**Task item:** Only the lines from the one containing "Context: $R^*$ denotes" through the last line of the listing are to be given again, exactly as they appear.

**The data:**
++++++

(* Let $R$ be a ring. Let $P$ be a polygon divided into subpolygons $P^1$ and $P^2$ by the dissection $\{(t,v),(v,t)\}$; let $V^\alpha$ be the vertex set of $P^\alpha$ and $U^\alpha=V^\alpha\setminus\{t,v\}$. Let $D^\alpha$ be a dissection of $P^\alpha$ ($\alpha=1,2$) and $D=\{(t,v),(v,t)\}\,\dot\cup\,D^1\,\dot\cup\,D^2$. Let $c^\alpha:\operatorname{diag}P^\alpha\to R$ be a weak frieze with respect to $D^\alpha$ for $\alpha=1,2$, and assume $c^1_{tv}=c^2_{tv}$ and $c^1_{vt}=c^2_{vt}$, and that these elements lie in $R^*$. Then there exists a unique map $c:\operatorname{diag}P\to R$ such that (i) $c|_{\operatorname{diag}P^\alpha}=c^\alpha$ for $\alpha=1,2$, and (ii) $c$ is a weak frieze with respect to $D$. Explicitly, for distinct vertices $i,k$: $c_{ik}=c^1_{ik}$ if $i,k\in V^1$; $c_{ik}=c^2_{ik}$ if $i,k\in V^2$ (these agree when $i,k\in\{t,v\}$); $c_{ik}=c^1_{it}(c^1_{vt})^{-1}c^2_{vk}+c^1_{iv}(c^1_{tv})^{-1}c^2_{tk}$ if $i\in U^1$, $k\in U^2$; and $c_{ik}=c^2_{it}(c^2_{vt})^{-1}c^1_{vk}+c^2_{iv}(c^2_{tv})^{-1}c^1_{tk}$ if $i\in U^2$, $k\in U^1$.
   Context: $R^*$ denotes the invertible elements of $R$. A polygon is a finite set of at least three vertices with a cyclic ordering (thought of as a convex polygon); a subpolygon is a subset of at least three vertices with induced cyclic ordering. $\operatorname{diag}P$ is the set of ordered pairs of distinct vertices. A diagonal is an edge if its endpoints are neighbours, otherwise internal. $(i,k)$ and $(j,\ell)$ cross if $i,j,k,\ell$ are pairwise distinct with $i<j<k<\ell$ or $i<\ell<k<j$ cyclically. A dissection is a set of internal diagonals closed under reversal with no two crossing; the internal diagonal pair $\{(t,v),(v,t)\}$ divides $P$ into the two subpolygons $P^1,P^2$ whose vertex sets are the vertices on either side of $(t,v)$ together with $t,v$. Write $c_{ik}=c(i,k)$, $c_{xx}=0$. A map $c:\operatorname{diag}P\to R$ is a weak frieze with respect to a dissection $D$ if $c_{rs}\in R^*$ for $(r,s)\in D$ and whenever $(i,k)$ crosses $(r,s)$ with $(r,s),(s,r)\in D$, $c_{ik}=c_{ir}c_{sr}^{-1}c_{sk}+c_{is}c_{rs}^{-1}c_{rk}$. *)

theory Defs
  imports Main
begin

++++++

**Exercise output:**
   Context: $R^*$ denotes the invertible elements of $R$. A polygon is a finite set of at least three vertices with a cyclic ordering (thought of as a convex polygon); a subpolygon is a subset of at least three vertices with induced cyclic ordering. $\operatorname{diag}P$ is the set of ordered pairs of distinct vertices. A diagonal is an edge if its endpoints are neighbours, otherwise internal. $(i,k)$ and $(j,\ell)$ cross if $i,j,k,\ell$ are pairwise distinct with $i<j<k<\ell$ or $i<\ell<k<j$ cyclically. A dissection is a set of internal diagonals closed under reversal with no two crossing; the internal diagonal pair $\{(t,v),(v,t)\}$ divides $P$ into the two subpolygons $P^1,P^2$ whose vertex sets are the vertices on either side of $(t,v)$ together with $t,v$. Write $c_{ik}=c(i,k)$, $c_{xx}=0$. A map $c:\operatorname{diag}P\to R$ is a weak frieze with respect to a dissection $D$ if $c_{rs}\in R^*$ for $(r,s)\in D$ and whenever $(i,k)$ crosses $(r,s)$ with $(r,s),(s,r)\in D$, $c_{ik}=c_{ir}c_{sr}^{-1}c_{sk}+c_{is}c_{rs}^{-1}c_{rk}$. *)

theory Defs
  imports Main
begin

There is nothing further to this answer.